Thirty eight patients may have been at risk of contracting CJD during surgery in south Wales
Health chiefs have admitted they waited two years to contact 38 patients who are at risk of contracting Creutzfeldt-Jakob disease (CJD) after surgery.
Officials at Abertawe Bro Morganwg University Health Board (ABMU) discovered a patient was at “high risk” of developing the incurable brain condition in 2009 after surgery in 2007.
The instruments used in the operation were later deployed in a series of other surgical procedures, with doctors saying it was possible proteins which cause CJD were not killed by being sterilised.
Public Health Wales (PHW) said those affected were at “extremely low risk”, but confirmed it had only posted letters to them last Saturday, after it conducted an internal investigation.
Jorg Hoffman, consultant in communicable disease control, said there had only been six cases worldwide of any form of CJD being transmitted via surgery.
He said: “In this incident we do not have a single confirmed case of CJD. However, we do have one patient who was at high risk and 38 people at extremely low risk. We know all the surgical instruments used on this group of patients were cleaned, disinfected and sterilised normally.

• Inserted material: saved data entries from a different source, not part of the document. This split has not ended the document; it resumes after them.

(* Let $L$ be a multisorted algebra in the positive existential signature satisfying axioms (1), (2), (3), (8), and let $F$ be a prime filter on sort $n$ of $L$. Let $F_1,\dots,F_n$ be distinct symbols and $W=\{F_1,\dots,F_n\}$. Define $\varphi\colon L\to A(W)$ on each sort $k$ by: for each substitution $\alpha\colon k\to n$, $\alpha^{\mathrm{tuple}}(F_1,\dots,F_n)\in\varphi(r)$ if and only if $\alpha(r)\in F$. Then $\varphi$ is an almost morphism.
   Context: Signature. There is a sort $n$ for each $n\ge0$. For every function $\alpha\colon\{1,\dots,n\}\to\{1,\dots,k\}$ there is a unary function symbol ("substitution") $\alpha\colon n\to k$ (argument of sort $n$, value of sort $k$). Each sort has $0,1,\vee,\wedge$; for each $n$ there is $\exists\colon n+1\to n$ (positive existential signature). For $\alpha\colon k\to n$, $\beta\colon n\to m$, $\beta\circ\alpha$ is the substitution symbol of the composite function. The associated cylindrification of $\exists\colon n+1\to n$ is $c\colon n\to n+1$, $c(i)=i$. For a set $W$: $\alpha^{\mathrm{tuple}}(x_1,\dots,x_k)=(x_{\alpha(1)},\dots,x_{\alpha(n)})$, $\alpha^{\mathrm{relation}}(r)=\{\bar x\in W^k:\alpha^{\mathrm{tuple}}(\bar x)\in r\}$. The positive existential algebra $A(W)$ interprets sort $n$ as $\mathcal P(W^n)$, $\alpha$ as $\alpha^{\mathrm{relation}}$, $0,1,\vee,\wedge$ as $\emptyset,W^n,\cup,\cap$, and $\exists(r)=\{\bar x:\exists y\,(\bar x,y)\in r\}$. Since the $F_i$ are distinct, each $k$-tuple from $W$ is $\alpha^{\mathrm{tuple}}(F_1,\dots,F_n)$ for exactly one $\alpha\colon k\to n$. An almost morphism $\varphi\colon L\to A(W)$ is a sort-preserving family of maps commuting with all substitutions and with $0,1,\vee,\wedge$, and satisfying $\exists(\varphi(r))\subseteq\varphi(\exists(r))$ for all $r$. Axioms: (1) each sort is a bounded distributive lattice; (2) substitutions preserve $0,1,\vee,\wedge$; (3) $(\beta\circ\alpha)(r)=\beta(\alpha(r))$; (8) $r\le c(\exists(r))$ for all $r$ of sort $n+1$ (where $x\le y$ means $x=x\wedge y$). A prime filter is a proper, nonempty, upward-closed, $\wedge$-closed subset of a sort with $x\vee y\in F\Rightarrow x\in F$ or $y\in F$. *)

theory Defs
  imports Main
begin

text \<open>A function alpha from {1..n} to {1..k}, represented extensionally
  (value 0 outside {1..n}), so that substitution symbols correspond exactly
  to such functions.\<close>
definition sfun :: "nat \<Rightarrow> nat \<Rightarrow> (nat \<Rightarrow> nat) \<Rightarrow> bool" where
  "sfun n k \<alpha> \<longleftrightarrow> (\<forall>i\<in>{1..n}. \<alpha> i \<in> {1..k}) \<and> (\<forall>i. i \<notin> {1..n} \<longrightarrow> \<alpha> i = 0)"

definition cyl :: "nat \<Rightarrow> nat \<Rightarrow> nat" where
  "cyl n i = (if i \<in> {1..n} then i else 0)"

text \<open>A multisorted algebra in the positive existential signature.
  pe_sub A n k alpha : sort n -> sort k  (alpha a function {1..n} -> {1..k});
  pe_ex A n : sort n+1 -> sort n.\<close>
record 'a pe_alg =
  pe_car  :: "nat \<Rightarrow> 'a set"
  pe_sub  :: "nat \<Rightarrow> nat \<Rightarrow> (nat \<Rightarrow> nat) \<Rightarrow> 'a \<Rightarrow> 'a"
  pe_bot  :: "nat \<Rightarrow> 'a"
  pe_top  :: "nat \<Rightarrow> 'a"
  pe_join :: "nat \<Rightarrow> 'a \<Rightarrow> 'a \<Rightarrow> 'a"
  pe_meet :: "nat \<Rightarrow> 'a \<Rightarrow> 'a \<Rightarrow> 'a"
  pe_ex   :: "nat \<Rightarrow> 'a \<Rightarrow> 'a"

definition pe_algebra :: "'a pe_alg \<Rightarrow> bool" where
  "pe_algebra L \<longleftrightarrow>
     (\<forall>n k \<alpha> r. sfun n k \<alpha> \<longrightarrow> r \<in> pe_car L n \<longrightarrow> pe_sub L n k \<alpha> r \<in> pe_car L k) \<and>
     (\<forall>n. pe_bot L n \<in> pe_car L n \<and> pe_top L n \<in> pe_car L n) \<and>
     (\<forall>n x y. x \<in> pe_car L n \<longrightarrow> y \<in> pe_car L n \<longrightarrow>
        pe_join L n x y \<in> pe_car L n \<and> pe_meet L n x y \<in> pe_car L n) \<and>
     (\<forall>n r. r \<in> pe_car L (Suc n) \<longrightarrow> pe_ex L n r \<in> pe_car L n)"

definition ax1 :: "'a pe_alg \<Rightarrow> bool" where
  "ax1 L \<longleftrightarrow> (\<forall>n. \<forall>x\<in>pe_car L n. \<forall>y\<in>pe_car L n. \<forall>z\<in>pe_car L n.
     pe_join L n x (pe_join L n y z) = pe_join L n (pe_join L n x y) z \<and>
     pe_meet L n x (pe_meet L n y z) = pe_meet L n (pe_meet L n x y) z \<and>
     pe_join L n x y = pe_join L n y x \<and>
     pe_meet L n x y = pe_meet L n y x \<and>
     pe_join L n x (pe_meet L n x y) = x \<and>
     pe_meet L n x (pe_join L n x y) = x \<and>
     pe_meet L n x (pe_join L n y z) = pe_join L n (pe_meet L n x y) (pe_meet L n x z) \<and>
     pe_join L n x (pe_bot L n) = x \<and>
     pe_meet L n x (pe_top L n) = x)"

definition ax2 :: "'a pe_alg \<Rightarrow> bool" where
  "ax2 L \<longleftrightarrow> (\<forall>n k \<alpha>. sfun n k \<alpha> \<longrightarrow>
     pe_sub L n k \<alpha> (pe_bot L n) = pe_bot L k \<and>
     pe_sub L n k \<alpha> (pe_top L n) = pe_top L k \<and>
     (\<forall>x\<in>pe_car L n. \<forall>y\<in>pe_car L n.
        pe_sub L n k \<alpha> (pe_join L n x y) = pe_join L k (pe_sub L n k \<alpha> x) (pe_sub L n k \<alpha> y) \<and>
        pe_sub L n k \<alpha> (pe_meet L n x y) = pe_meet L k (pe_sub L n k \<alpha> x) (pe_sub L n k \<alpha> y)))"

definition ax3 :: "'a pe_alg \<Rightarrow> bool" where
  "ax3 L \<longleftrightarrow> (\<forall>k n m \<alpha> \<beta>. sfun k n \<alpha> \<longrightarrow> sfun n m \<beta> \<longrightarrow>
     (\<forall>r\<in>pe_car L k. pe_sub L k m (\<beta> \<circ> \<alpha>) r = pe_sub L n m \<beta> (pe_sub L k n \<alpha> r)))"

definition pe_le :: "'a pe_alg \<Rightarrow> nat \<Rightarrow> 'a \<Rightarrow> 'a \<Rightarrow> bool" where
  "pe_le L n x y \<longleftrightarrow> x = pe_meet L n x y"

definition ax8 :: "'a pe_alg \<Rightarrow> bool" where
  "ax8 L \<longleftrightarrow> (\<forall>n. \<forall>r\<in>pe_car L (Suc n).
     pe_le L (Suc n) r (pe_sub L n (Suc n) (cyl n) (pe_ex L n r)))"

definition prime_filter :: "'a pe_alg \<Rightarrow> nat \<Rightarrow> 'a set \<Rightarrow> bool" where
  "prime_filter L n F \<longleftrightarrow>
     F \<subseteq> pe_car L n \<and> F \<noteq> pe_car L n \<and> F \<noteq> {} \<and>
     (\<forall>x\<in>F. \<forall>y\<in>pe_car L n. pe_le L n x y \<longrightarrow> y \<in> F) \<and>
     (\<forall>x\<in>F. \<forall>y\<in>F. pe_meet L n x y \<in> F) \<and>
     (\<forall>x\<in>pe_car L n. \<forall>y\<in>pe_car L n. pe_join L n x y \<in> F \<longrightarrow> x \<in> F \<or> y \<in> F)"

text \<open>The algebra A(W). Tuples in W^n are lists of length n (coordinate i is xs ! (i-1)).\<close>
definition tuples :: "'w set \<Rightarrow> nat \<Rightarrow> 'w list set" where
  "tuples W n = {xs. length xs = n \<and> set xs \<subseteq> W}"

However, it is possible that the proteins which cause CJD, known as prions, survived these routine sterilisation procedures so an extremely small risk of transmission remains.”
The original operation involving the “index case” occurred in 2007 at one of ABMU’s four main hospitals in South Wales – Singleton and Morriston in Swansea, Neath Port Talbot and Princess of Wales Hospital in Bridgend.
Once the high risk of the patient was identified in 2009 – before another operation – PHW contacted the UK CJD incidents panel made up of experts from around the UK.
Health officials then investigated what instruments had been used in the original operation and their subsequent usage. It was in February this year that the panel said the health board should contact the 38 patients involved.